## ACTION ITEM
Retrieve all lines below that have the string "times".

Collected data entries:
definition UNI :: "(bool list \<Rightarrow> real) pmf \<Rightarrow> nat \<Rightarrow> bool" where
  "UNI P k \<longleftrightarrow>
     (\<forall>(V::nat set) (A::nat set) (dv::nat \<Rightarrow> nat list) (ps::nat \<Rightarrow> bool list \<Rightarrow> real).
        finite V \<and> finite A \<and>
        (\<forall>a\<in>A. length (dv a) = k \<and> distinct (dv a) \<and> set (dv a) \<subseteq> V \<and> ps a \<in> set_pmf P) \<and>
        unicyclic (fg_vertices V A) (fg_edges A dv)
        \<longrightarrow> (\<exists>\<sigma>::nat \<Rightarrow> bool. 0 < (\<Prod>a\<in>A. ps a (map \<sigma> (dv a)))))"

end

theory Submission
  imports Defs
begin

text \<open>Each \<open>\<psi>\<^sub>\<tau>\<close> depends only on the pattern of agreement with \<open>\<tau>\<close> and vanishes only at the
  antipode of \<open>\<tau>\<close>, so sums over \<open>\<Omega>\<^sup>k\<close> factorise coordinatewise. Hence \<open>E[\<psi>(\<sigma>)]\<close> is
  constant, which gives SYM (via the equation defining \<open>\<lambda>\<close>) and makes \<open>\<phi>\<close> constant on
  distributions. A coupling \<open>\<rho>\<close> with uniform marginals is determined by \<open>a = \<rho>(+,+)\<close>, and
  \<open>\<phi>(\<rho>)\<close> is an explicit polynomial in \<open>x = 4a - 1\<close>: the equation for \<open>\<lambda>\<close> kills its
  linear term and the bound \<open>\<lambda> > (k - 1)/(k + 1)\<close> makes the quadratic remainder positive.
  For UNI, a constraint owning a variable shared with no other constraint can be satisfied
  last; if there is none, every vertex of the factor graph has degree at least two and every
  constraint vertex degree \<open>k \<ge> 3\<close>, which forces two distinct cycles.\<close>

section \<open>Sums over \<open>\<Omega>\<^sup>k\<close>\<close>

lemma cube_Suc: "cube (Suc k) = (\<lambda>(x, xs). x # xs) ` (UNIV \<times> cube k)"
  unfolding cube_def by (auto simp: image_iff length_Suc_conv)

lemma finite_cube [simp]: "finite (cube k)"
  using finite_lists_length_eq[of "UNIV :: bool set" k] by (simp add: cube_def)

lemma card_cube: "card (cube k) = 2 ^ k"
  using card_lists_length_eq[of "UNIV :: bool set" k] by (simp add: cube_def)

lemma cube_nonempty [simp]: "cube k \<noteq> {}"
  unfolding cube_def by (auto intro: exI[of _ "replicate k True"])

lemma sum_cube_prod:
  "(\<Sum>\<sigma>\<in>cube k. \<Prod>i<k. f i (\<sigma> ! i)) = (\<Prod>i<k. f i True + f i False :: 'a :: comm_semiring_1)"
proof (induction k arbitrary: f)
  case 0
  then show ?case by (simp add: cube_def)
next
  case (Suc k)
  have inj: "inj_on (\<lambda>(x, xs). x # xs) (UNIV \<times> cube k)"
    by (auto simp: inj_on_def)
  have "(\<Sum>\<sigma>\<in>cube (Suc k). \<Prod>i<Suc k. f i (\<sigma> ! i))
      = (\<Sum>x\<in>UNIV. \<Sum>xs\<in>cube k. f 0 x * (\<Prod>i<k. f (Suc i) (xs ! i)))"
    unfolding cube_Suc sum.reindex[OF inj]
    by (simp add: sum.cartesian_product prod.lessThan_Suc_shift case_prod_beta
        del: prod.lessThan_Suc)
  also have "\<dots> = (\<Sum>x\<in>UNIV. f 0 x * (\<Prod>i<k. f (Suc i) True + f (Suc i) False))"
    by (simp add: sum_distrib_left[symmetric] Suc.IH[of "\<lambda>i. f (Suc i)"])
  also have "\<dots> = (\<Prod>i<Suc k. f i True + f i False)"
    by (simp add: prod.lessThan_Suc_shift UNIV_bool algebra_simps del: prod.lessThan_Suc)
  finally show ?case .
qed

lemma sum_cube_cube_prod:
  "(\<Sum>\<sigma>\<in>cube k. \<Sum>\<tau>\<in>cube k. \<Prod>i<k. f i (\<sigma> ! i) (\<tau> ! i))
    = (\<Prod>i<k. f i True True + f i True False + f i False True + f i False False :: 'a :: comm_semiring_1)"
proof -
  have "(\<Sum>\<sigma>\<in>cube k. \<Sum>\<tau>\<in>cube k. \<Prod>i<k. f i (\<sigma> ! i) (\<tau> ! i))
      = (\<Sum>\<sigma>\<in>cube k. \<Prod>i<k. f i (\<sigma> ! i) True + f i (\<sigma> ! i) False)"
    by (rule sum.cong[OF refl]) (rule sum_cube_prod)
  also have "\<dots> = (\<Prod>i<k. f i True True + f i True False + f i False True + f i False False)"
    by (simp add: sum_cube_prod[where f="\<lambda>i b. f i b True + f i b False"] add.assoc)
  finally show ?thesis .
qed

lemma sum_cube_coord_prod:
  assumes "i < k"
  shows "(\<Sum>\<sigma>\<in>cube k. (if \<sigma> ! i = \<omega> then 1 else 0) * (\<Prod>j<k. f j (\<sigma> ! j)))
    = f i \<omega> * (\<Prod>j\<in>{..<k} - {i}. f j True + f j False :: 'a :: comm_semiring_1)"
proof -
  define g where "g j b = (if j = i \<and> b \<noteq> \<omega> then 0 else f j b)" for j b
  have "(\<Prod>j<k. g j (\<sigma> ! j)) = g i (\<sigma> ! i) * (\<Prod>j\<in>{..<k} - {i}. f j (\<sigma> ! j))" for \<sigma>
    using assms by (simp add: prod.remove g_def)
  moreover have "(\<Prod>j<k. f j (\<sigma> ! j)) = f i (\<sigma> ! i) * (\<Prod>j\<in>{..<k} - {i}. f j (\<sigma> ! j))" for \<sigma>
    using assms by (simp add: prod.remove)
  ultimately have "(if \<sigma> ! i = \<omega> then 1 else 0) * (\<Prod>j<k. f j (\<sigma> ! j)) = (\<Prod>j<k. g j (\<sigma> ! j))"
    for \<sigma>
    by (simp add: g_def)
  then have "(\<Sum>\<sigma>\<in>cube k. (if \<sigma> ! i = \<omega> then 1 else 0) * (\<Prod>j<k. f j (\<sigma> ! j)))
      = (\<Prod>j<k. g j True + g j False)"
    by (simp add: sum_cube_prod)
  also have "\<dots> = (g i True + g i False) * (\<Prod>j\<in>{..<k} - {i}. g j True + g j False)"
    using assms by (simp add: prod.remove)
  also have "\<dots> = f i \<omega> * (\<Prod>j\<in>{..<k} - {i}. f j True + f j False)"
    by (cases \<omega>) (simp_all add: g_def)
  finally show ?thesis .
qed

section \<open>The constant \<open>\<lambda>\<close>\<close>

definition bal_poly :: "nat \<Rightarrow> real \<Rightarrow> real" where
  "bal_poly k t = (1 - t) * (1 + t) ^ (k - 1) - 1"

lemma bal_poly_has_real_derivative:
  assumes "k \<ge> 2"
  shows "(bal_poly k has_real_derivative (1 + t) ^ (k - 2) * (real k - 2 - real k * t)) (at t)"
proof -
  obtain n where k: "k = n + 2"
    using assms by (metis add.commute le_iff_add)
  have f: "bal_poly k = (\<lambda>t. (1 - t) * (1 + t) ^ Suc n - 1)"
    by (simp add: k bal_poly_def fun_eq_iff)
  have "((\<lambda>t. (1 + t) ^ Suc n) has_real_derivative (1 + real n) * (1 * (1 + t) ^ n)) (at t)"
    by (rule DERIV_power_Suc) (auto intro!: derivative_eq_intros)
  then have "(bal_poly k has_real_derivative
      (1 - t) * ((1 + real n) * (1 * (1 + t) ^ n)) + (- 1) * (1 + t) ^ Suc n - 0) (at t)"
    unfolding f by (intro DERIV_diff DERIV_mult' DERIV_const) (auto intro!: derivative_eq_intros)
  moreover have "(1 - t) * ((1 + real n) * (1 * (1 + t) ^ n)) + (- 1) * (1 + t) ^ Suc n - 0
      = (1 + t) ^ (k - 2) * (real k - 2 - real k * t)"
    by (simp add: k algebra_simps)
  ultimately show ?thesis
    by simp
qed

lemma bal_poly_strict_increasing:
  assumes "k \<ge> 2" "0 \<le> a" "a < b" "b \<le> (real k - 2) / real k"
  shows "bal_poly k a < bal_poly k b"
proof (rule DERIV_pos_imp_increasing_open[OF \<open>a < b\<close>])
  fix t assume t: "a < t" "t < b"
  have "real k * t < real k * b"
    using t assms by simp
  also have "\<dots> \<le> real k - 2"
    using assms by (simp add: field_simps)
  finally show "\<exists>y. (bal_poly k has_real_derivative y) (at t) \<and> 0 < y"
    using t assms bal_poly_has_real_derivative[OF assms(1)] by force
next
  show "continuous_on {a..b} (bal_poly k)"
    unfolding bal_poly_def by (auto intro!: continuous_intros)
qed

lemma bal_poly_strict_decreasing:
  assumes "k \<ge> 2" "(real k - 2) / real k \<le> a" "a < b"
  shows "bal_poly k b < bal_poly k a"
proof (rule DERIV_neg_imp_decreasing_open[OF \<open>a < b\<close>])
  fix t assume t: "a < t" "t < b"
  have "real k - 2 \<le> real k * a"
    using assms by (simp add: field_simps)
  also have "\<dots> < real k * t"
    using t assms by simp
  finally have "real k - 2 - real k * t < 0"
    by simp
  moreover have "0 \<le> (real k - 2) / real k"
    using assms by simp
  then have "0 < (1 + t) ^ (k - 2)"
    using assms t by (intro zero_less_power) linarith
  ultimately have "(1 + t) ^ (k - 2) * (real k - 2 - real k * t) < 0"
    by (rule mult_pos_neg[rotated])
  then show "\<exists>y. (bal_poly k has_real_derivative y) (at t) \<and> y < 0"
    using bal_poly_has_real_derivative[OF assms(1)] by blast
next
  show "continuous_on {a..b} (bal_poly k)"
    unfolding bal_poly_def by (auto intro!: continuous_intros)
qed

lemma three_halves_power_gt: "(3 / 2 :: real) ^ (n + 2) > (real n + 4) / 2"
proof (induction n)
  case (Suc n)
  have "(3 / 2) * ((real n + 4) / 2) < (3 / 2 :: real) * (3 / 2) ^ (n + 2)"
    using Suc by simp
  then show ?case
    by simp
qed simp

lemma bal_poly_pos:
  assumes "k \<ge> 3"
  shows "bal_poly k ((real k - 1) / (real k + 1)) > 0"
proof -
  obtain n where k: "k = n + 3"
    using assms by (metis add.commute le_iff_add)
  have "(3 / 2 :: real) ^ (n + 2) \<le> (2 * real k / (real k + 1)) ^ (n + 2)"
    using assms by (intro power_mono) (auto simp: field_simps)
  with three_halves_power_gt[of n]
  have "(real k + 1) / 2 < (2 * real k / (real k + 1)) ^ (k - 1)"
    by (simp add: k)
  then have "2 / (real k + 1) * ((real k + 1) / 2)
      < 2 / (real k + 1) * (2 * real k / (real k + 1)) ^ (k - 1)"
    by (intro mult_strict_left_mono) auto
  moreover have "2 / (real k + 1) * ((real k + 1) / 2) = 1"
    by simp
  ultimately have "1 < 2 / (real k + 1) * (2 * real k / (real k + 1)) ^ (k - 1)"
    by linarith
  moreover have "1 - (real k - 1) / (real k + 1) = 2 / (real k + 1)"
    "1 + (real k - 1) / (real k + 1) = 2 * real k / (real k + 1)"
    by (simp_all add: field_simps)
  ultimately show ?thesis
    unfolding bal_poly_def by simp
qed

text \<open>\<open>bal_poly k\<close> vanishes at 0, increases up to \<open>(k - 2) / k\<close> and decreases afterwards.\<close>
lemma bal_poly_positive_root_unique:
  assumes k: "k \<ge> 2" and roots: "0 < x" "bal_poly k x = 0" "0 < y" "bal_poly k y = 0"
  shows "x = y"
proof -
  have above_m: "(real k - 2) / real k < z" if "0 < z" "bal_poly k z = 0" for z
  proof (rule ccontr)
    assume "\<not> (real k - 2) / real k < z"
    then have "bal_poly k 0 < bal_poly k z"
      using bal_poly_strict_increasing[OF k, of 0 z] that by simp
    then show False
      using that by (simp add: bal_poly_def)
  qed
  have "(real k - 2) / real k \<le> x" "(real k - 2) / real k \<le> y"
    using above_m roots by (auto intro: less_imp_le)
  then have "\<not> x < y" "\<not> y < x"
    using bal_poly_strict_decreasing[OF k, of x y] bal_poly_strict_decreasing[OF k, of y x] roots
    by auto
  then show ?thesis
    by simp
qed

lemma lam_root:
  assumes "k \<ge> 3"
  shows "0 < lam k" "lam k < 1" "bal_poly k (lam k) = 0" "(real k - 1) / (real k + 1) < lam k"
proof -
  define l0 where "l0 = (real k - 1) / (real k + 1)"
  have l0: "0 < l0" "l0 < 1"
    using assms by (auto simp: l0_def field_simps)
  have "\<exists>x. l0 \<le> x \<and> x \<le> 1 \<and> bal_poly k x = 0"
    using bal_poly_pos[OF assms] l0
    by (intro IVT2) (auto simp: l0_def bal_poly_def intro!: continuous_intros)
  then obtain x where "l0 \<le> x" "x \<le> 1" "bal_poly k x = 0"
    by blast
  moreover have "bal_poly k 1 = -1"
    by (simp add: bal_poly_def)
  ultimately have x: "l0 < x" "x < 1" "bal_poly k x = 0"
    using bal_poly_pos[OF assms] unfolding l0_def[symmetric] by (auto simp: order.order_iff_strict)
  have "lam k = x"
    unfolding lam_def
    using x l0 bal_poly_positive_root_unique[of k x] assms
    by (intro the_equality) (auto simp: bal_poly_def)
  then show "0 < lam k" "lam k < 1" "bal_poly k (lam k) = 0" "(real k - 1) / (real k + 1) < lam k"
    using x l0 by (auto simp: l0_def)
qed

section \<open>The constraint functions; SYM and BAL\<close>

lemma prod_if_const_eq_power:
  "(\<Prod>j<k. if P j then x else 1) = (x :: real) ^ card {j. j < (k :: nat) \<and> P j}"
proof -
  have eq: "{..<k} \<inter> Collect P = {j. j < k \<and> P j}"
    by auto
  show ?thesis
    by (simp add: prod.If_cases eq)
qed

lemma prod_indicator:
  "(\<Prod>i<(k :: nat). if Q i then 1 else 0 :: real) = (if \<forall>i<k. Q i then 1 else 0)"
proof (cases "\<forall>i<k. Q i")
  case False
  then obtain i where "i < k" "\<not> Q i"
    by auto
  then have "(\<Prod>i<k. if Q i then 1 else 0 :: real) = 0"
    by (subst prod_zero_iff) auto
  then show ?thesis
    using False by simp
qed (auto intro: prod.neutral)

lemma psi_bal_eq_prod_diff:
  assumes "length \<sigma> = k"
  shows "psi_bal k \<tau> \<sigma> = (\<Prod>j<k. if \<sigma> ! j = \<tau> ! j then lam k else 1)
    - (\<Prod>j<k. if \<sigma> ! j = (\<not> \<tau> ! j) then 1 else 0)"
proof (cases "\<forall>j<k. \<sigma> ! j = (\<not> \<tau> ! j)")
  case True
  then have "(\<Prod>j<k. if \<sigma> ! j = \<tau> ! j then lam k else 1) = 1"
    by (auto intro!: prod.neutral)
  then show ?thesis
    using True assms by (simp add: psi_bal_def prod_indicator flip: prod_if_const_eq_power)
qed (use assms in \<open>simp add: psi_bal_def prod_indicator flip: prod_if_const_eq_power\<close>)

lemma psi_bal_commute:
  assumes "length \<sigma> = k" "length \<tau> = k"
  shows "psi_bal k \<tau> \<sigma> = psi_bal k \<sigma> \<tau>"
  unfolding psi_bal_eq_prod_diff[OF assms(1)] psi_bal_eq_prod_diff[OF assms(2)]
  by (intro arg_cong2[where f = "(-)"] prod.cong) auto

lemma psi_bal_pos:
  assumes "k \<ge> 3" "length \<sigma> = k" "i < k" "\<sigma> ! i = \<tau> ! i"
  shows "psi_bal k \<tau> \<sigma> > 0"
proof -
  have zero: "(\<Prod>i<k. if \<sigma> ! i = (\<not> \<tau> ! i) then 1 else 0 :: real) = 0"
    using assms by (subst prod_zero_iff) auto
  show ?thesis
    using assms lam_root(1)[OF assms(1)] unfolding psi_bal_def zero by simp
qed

## RESULT OF THIS TASK
lemma cube_Suc: "cube (Suc k) = (\<lambda>(x, xs). x # xs) ` (UNIV \<times> cube k)"
  have inj: "inj_on (\<lambda>(x, xs). x # xs) (UNIV \<times> cube k)"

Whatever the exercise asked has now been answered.